» DATA TO PROCESS:
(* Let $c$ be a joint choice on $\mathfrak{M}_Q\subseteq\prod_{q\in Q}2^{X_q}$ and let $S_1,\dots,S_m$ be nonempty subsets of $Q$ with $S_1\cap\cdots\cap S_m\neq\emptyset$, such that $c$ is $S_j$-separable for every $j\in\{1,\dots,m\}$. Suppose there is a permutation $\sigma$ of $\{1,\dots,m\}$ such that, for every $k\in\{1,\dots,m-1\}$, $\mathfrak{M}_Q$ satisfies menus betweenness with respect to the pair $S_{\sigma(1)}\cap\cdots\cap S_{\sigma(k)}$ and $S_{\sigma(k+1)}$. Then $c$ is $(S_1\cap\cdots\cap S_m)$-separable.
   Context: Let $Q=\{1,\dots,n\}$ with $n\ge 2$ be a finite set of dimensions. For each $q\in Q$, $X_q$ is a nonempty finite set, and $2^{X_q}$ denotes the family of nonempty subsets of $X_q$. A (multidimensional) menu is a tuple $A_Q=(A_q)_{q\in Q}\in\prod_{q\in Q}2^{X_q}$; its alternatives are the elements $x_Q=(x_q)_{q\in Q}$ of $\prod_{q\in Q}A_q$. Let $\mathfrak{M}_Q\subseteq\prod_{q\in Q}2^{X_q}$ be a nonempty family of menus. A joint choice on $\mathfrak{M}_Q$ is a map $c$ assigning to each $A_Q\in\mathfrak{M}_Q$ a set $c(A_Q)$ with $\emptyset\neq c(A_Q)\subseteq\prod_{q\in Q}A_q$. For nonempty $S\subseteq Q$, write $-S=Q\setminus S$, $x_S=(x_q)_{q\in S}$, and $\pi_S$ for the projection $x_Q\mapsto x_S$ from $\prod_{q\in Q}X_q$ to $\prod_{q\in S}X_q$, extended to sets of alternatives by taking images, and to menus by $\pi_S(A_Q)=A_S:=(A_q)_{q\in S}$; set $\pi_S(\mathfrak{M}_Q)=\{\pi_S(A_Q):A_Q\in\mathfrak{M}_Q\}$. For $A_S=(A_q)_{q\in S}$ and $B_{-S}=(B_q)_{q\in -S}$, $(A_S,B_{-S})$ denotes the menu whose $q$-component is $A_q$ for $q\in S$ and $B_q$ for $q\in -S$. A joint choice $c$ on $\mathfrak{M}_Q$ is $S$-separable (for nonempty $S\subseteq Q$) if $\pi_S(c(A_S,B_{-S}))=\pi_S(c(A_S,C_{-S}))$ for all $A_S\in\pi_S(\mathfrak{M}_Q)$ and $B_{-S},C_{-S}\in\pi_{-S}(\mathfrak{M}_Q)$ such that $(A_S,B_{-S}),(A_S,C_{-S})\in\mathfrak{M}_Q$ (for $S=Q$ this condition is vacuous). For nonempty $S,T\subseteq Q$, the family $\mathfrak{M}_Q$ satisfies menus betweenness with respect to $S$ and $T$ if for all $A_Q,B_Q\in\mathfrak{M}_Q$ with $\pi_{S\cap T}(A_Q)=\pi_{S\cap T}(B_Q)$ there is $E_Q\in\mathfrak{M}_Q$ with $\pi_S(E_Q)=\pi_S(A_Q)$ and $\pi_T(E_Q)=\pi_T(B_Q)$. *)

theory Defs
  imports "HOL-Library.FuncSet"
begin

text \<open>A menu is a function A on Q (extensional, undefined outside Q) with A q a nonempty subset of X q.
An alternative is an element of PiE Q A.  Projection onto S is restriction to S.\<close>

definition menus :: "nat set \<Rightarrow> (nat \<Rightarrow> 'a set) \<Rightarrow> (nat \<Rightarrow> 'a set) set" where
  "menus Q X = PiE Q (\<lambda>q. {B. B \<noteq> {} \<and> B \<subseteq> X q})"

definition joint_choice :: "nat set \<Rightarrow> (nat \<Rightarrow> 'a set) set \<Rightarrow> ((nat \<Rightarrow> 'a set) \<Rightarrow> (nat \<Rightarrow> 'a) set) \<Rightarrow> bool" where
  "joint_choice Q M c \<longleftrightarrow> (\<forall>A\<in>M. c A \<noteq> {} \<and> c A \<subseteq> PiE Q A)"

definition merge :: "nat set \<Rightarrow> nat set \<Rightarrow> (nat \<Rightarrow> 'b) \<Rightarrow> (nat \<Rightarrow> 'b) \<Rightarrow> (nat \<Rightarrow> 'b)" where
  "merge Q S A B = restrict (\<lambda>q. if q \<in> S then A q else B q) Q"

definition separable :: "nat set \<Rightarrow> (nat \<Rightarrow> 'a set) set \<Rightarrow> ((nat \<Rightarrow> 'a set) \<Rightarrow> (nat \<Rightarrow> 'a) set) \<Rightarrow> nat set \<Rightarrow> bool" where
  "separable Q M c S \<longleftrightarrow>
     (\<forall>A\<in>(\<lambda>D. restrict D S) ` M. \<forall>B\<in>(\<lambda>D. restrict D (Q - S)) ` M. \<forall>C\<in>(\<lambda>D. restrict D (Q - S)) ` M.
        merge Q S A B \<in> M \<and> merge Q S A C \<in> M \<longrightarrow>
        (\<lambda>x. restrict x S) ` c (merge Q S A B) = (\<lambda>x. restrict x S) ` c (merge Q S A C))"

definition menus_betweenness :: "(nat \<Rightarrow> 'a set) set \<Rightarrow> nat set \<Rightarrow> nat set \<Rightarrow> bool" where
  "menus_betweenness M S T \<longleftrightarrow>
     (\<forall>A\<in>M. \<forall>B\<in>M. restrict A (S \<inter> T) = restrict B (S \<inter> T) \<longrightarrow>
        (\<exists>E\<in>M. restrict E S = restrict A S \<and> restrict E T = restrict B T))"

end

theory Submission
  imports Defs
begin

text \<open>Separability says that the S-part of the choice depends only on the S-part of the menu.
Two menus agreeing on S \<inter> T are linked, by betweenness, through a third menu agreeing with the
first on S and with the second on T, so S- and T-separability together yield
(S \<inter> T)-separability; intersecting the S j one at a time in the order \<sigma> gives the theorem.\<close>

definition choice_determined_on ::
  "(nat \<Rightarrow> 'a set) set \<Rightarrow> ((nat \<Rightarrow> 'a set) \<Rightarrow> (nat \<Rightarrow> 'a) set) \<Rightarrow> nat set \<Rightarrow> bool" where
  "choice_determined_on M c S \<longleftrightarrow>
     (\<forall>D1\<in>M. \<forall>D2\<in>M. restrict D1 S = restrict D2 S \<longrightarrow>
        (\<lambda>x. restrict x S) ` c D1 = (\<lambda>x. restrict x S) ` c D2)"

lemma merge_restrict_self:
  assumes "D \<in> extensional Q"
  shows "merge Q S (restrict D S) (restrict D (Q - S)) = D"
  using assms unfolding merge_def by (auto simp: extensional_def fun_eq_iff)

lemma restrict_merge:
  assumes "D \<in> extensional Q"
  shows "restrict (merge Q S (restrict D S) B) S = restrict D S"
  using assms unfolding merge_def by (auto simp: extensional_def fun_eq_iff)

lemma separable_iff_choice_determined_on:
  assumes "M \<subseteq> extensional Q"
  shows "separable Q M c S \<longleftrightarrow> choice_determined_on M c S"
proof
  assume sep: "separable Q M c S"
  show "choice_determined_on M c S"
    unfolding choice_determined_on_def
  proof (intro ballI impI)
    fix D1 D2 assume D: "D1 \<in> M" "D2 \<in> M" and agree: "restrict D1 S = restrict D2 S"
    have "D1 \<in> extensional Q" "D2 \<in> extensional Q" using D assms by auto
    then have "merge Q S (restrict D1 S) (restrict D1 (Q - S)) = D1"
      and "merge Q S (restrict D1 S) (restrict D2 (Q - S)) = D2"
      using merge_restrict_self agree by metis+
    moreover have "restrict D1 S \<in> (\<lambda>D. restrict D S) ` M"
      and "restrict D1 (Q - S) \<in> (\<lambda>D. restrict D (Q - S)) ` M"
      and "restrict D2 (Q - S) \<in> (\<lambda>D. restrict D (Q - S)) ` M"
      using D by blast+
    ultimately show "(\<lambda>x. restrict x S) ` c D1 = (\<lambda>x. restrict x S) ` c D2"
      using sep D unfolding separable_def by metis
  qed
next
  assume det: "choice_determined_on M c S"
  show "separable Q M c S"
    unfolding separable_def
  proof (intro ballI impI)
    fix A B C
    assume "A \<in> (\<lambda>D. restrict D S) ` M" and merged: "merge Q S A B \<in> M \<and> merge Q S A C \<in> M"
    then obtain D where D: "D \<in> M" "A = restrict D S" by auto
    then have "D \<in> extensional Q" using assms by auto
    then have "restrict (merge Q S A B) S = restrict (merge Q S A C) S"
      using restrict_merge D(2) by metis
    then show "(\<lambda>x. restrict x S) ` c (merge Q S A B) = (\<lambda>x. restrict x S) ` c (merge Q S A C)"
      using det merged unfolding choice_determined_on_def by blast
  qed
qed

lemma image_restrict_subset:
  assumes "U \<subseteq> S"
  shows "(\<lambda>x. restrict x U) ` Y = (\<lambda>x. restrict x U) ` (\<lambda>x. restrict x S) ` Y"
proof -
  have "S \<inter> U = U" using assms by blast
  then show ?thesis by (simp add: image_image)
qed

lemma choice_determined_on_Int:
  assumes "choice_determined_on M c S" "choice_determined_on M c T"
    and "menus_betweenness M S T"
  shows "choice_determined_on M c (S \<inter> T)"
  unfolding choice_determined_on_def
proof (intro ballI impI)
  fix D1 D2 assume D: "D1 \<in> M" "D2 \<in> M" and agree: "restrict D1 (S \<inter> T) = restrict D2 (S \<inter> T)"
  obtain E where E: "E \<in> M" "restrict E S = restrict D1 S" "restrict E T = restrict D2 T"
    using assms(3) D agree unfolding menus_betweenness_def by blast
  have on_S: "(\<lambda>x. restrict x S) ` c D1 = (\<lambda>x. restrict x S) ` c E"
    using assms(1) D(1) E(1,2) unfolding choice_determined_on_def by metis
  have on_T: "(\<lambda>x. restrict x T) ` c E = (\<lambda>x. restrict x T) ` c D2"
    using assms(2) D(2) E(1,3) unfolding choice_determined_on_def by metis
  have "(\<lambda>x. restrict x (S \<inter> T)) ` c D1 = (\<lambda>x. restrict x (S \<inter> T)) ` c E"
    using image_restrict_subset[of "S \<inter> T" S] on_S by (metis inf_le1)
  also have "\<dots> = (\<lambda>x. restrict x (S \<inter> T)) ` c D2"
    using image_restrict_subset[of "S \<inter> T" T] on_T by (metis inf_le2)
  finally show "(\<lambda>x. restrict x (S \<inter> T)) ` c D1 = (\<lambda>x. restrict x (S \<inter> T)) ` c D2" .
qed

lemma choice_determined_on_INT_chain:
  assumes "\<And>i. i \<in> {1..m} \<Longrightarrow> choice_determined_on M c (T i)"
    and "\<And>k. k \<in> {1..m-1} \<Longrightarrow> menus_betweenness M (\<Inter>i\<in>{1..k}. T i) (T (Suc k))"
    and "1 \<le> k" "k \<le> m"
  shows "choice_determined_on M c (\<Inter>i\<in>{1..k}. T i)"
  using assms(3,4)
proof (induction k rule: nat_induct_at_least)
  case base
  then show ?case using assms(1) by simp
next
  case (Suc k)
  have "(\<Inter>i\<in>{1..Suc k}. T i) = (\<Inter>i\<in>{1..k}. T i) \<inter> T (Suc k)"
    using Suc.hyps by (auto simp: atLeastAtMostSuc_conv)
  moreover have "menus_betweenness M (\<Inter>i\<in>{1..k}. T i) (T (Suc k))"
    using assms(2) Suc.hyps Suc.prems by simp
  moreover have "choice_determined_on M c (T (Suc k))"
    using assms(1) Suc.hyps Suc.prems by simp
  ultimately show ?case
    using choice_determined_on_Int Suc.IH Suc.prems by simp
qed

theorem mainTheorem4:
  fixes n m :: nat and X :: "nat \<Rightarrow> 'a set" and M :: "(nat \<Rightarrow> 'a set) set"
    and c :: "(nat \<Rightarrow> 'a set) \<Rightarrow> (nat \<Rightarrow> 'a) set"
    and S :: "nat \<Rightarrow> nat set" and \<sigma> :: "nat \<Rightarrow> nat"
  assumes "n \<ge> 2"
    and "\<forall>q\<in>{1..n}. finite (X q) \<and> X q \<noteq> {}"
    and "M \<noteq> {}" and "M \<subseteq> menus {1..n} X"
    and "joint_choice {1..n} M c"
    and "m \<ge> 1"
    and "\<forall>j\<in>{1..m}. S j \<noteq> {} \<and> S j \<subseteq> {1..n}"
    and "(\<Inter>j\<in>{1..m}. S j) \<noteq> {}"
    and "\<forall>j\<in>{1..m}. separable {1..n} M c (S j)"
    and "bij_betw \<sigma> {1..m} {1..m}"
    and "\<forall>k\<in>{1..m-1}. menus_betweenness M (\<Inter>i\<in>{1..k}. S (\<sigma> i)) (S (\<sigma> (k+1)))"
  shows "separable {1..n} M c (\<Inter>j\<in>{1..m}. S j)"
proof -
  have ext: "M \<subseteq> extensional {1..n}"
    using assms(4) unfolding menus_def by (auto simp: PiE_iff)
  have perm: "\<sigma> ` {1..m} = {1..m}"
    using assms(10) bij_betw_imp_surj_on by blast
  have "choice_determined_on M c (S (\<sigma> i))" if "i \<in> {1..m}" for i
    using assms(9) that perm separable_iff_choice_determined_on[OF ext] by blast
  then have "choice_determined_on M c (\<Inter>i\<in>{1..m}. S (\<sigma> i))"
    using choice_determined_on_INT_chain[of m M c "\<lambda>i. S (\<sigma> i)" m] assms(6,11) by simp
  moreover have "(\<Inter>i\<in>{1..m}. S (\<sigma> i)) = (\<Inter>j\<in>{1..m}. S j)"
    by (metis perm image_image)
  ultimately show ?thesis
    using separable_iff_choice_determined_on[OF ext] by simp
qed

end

» EXERCISE DETAILS:
The expected answer is each line of the records above that includes the string "prems".

» EXERCISE OUTPUT:
    using assms(2) Suc.hyps Suc.prems by simp
    using assms(1) Suc.hyps Suc.prems by simp
    using choice_determined_on_Int Suc.IH Suc.prems by simp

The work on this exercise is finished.